Mehmet interjected, “What about us and the operation in Icmeler?”
“The plan has changed,” she told him. “He wants us to let the Semtex shipment go through. You and me are to follow Borislav, see where the trail leads. Yuri, he wants you to take Anton to the embassy annex in Yenikapi and then return to Icmeler and wait for us there. I’ll drive to Istanbul with Mehmet. Borislav knows me, so once there Mehmet will follow him on the ground. I’ll stay one step ahead until we reach Soviet soil and then I’ll take over.”
Mehmet looked puzzled. “But I don’t have a visa for the Soviet Union. I’ll be arrested.”
“No, you’ll just be sent back. Don’t worry; I’ll be taking care of that.”
“What will happen to Anton?” Mehmet asked.
“I think Michel will go easy on him. Anton isn’t in charge of his faculties. From Michel’s response, my guess is he will be doing a bit of regular army service. Anton did say he always does as he’s told. Seems the perfect solution.”
Chapter 14
Vorkuta, Northern Russia
Jez parked the car in the street near the railway station and made his way to the entrance, but felt woozy as he walked. Maybe hunger, maybe tiredness, or maybe he was just feeling terminally weary. Pavel had gone ahead and was waiting in the ticket office. Inside, Jez nodded and Pavel used Sergeant Afanasiy’s ID to identify himself when buying tickets to Moscow. Luckily, the ticket officer only glanced at the credentials. As they left the hall, Jez felt his mood pick up on seeing Pavel bump into anything and everything, because he was wearing a pair of the Smersh men’s pebble glasses. He laughed.
“Yes, funny,” Pavel said, “but I had to have something about me that looked like Afanasiy’s photograph.”
Jez veered the conversation. He could see Pavel was getting wound up. “I think the idea of letting the Moscow train go and taking the Leningrad train later has turned sour.”
Pavel considered. “Yes, waiting around town for two days could be dangerous. Although, we could watch for its approach from out of town and slip back here without being seen.”
“No, you al
lowed the Smersh men to live, so the whole area will be on red alert. The Moscow train is in the station and has a full head of steam. We wait, make sure it pulls away unhindered and then go to the colliery; we still have options there.”
They took the same road out of town that they’d just driven in on and about halfway across the waste ground they saw their Smersh friends. Jez looked at Pavel and grinned. “The little men haven’t got far,” he said.

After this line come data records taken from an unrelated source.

lemma monotone_involution_meet:
  assumes x: "x \<in> L" and y: "y \<in> L"
  shows "f (meet x y) = meet (f x) (f y)"
proof (rule le_antisym)
  have fx: "f x \<in> L" and fy: "f y \<in> L" using closed x y by auto
  show "lat_le meet (f (meet x y)) (meet (f x) (f y))"
    using x y fx fy by (intro le_meetI mono meet_le1 meet_le2 closed meet_closed)
  have "lat_le meet (f (meet (f x) (f y))) (meet x y)"
    using x y fx fy
    by (intro le_meetI) (auto simp: mono_mirror meet_le1 meet_le2 closed meet_closed)
  then show "lat_le meet (meet (f x) (f y)) (f (meet x y))"
    using x y fx fy by (simp add: mono_mirror meet_closed)
qed (use x y closed meet_closed in auto)

lemma monotone_involution_join:
  assumes x: "x \<in> L" and y: "y \<in> L"
  shows "f (join x y) = join (f x) (f y)"
proof (rule le_antisym)
  have fx: "f x \<in> L" and fy: "f y \<in> L" using closed x y by auto
  show "lat_le meet (join (f x) (f y)) (f (join x y))"
    using x y fx fy by (intro join_leI mono join_ge1 join_ge2 closed join_closed)
  have "lat_le meet (join x y) (f (join (f x) (f y)))"
    using x y fx fy
    by (intro join_leI) (auto simp: mono_mirror[symmetric] join_ge1 join_ge2 closed join_closed)
  then show "lat_le meet (f (join x y)) (join (f x) (f y))"
    using x y fx fy by (simp add: mono_mirror join_closed)
qed (use x y closed join_closed in auto)

end

lemma bdl_down_set:
  assumes distrib: "\<And>x y z. x \<in> L \<Longrightarrow> y \<in> L \<Longrightarrow> z \<in> L \<Longrightarrow>
      meet x (join y z) = join (meet x y) (meet x z)"
    and bot: "b \<in> L" "\<And>x. x \<in> L \<Longrightarrow> lat_le meet b x"
    and c: "c \<in> L"
  shows "bdl {x \<in> L. lat_le meet x c} meet join b c"
proof -
  let ?D = "{x \<in> L. lat_le meet x c}"
  have "lattice_on ?D meet join"
    unfolding lattice_on_def
  proof (intro conjI ballI)
    fix x y assume x: "x \<in> ?D" and y: "y \<in> ?D"
    then show "meet x y \<in> ?D" "join x y \<in> ?D"
      using c le_trans[OF meet_closed _ c meet_le1] join_leI by (auto simp: meet_closed join_closed)
    show "meet x y = meet y x" "join x y = join y x" "meet x (join x y) = x" "join x (meet x y) = x"
      using x y by (simp_all add: meet_commute join_commute meet_join_absorb join_meet_absorb)
    fix z assume "z \<in> ?D"
    then show "meet x (meet y z) = meet (meet x y) z" "join x (join y z) = join (join x y) z"
      using x y by (simp_all add: meet_assoc join_assoc)
  qed
  then show ?thesis
    unfolding bdl_def using distrib bot c le_refl by simp
qed

end

locale distrib_bilattice =
  t: lattice_carrier B tm tj + k: lattice_carrier B km kj
  for B :: "'a set" and tm tj km kj :: "'a \<Rightarrow> 'a \<Rightarrow> 'a" +
  fixes neg :: "'a \<Rightarrow> 'a" and ff tt bot top :: 'a
  assumes neg_closed: "x \<in> B \<Longrightarrow> neg x \<in> B"
    and neg_neg: "x \<in> B \<Longrightarrow> neg (neg x) = x"
    and neg_t_antimono: "x \<in> B \<Longrightarrow> y \<in> B \<Longrightarrow> lat_le tm x y \<Longrightarrow> lat_le tm (neg y) (neg x)"
    and neg_k_mono: "x \<in> B \<Longrightarrow> y \<in> B \<Longrightarrow> lat_le km x y \<Longrightarrow> lat_le km (neg x) (neg y)"
    and distrib: "o1 \<in> {tm, tj, km, kj} \<Longrightarrow> o2 \<in> {tm, tj, km, kj} \<Longrightarrow>
      x \<in> B \<Longrightarrow> y \<in> B \<Longrightarrow> z \<in> B \<Longrightarrow> o1 x (o2 y z) = o2 (o1 x y) (o1 x z)"
    and ff_closed: "ff \<in> B" and tt_closed: "tt \<in> B"
    and bot_closed: "bot \<in> B" and top_closed: "top \<in> B"
    and ff_le: "x \<in> B \<Longrightarrow> lat_le tm ff x" and le_tt: "x \<in> B \<Longrightarrow> lat_le tm x tt"
    and bot_le: "x \<in> B \<Longrightarrow> lat_le km bot x" and le_top: "x \<in> B \<Longrightarrow> lat_le km x top"

lemma bd_bilattice_imp_distrib_bilattice:
  assumes "bd_bilattice B"
  shows "distrib_bilattice (bcar B) (tmeet B) (tjoin B) (kmeet B) (kjoin B)
           (bneg B) (bf B) (bt B) (bbot B) (btop B)"
  using assms unfolding bd_bilattice_def le_t_def le_k_def
  by unfold_locales (simp_all only: Ball_def; blast)+

context distrib_bilattice
begin

lemma km_t_mono:
  "c \<in> B \<Longrightarrow> x \<in> B \<Longrightarrow> y \<in> B \<Longrightarrow> lat_le tm x y \<Longrightarrow> lat_le tm (km c x) (km c y)"
  using distrib[of km tm c x y] unfolding lat_le_def by simp

lemma kj_t_mono:
  "c \<in> B \<Longrightarrow> x \<in> B \<Longrightarrow> y \<in> B \<Longrightarrow> lat_le tm x y \<Longrightarrow> lat_le tm (kj c x) (kj c y)"
  using distrib[of kj tm c x y] unfolding lat_le_def by simp

lemma bot_t_le_below_tt:
  assumes y: "y \<in> B" and y_tt: "lat_le km y tt"
  shows "lat_le tm bot y"
proof -
  have "tm bot (km y tt) = km (tm bot y) (tm bot tt)"
    using distrib[of tm km bot y tt] y bot_closed tt_closed by simp
  also have "\<dots> = km (tm bot y) bot"
    using le_tt[OF bot_closed] unfolding lat_le_def by simp
  also have "\<dots> = bot"
    using bot_le[OF t.meet_closed[OF bot_closed y]] bot_closed t.meet_closed[OF bot_closed y]
    unfolding lat_le_def by (simp add: k.meet_commute)
  finally show ?thesis
    using y_tt unfolding lat_le_def by simp
qed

“They’ve turned blue,” Pavel laughed.
With arms wrapped firmly around shoulders, Afanasiy and friend stared down at their feet and stumbled along looking miserable. Jez tucked himself into a gap in the wall of snow next to Pavel and let the men pass without being seen. “In this cold, that ear has got to be hurting,” Jez said when Afanasiy turned the corner out of sight.
They followed a set of railway tracks, stepping it out on the sleepers. At the colliery, a coal train with maybe thirty loaded wagons stood with the engine up front and building a head of steam. They waited and watched. Safety valves blew and a whistle sang out.
“Come on. I don’t know its destination, but that is the way we go,” Jez said, as they hurried to the limits of the security fencing. “The last carriage is a guards wagon; if we can get on that, we’ll be away.”
“A guards wagon usually means a guard,” Pavel said.
“Don’t worry, you have ID.”
The steam engine puffed under load and for a minute looked like it might not move. But then, slowly, wheels turned in unison, steel screeched as metal tires ground on steel tracks, and wagons moved off at different speeds, pushing and bumping at the neighbor ahead. The train was on its way. The guards wagon came alongside and Jez pulled Pavel’s sleeve before lunging towards the three steps hanging from the back.
Easily making headway towards the ladder, Jez was relieved, until a soldier made an appearance. The young regular took a moment to take in what was going on and then snuggled the stock of his rifle into his shoulder and shouted, “Halt or I shoot!”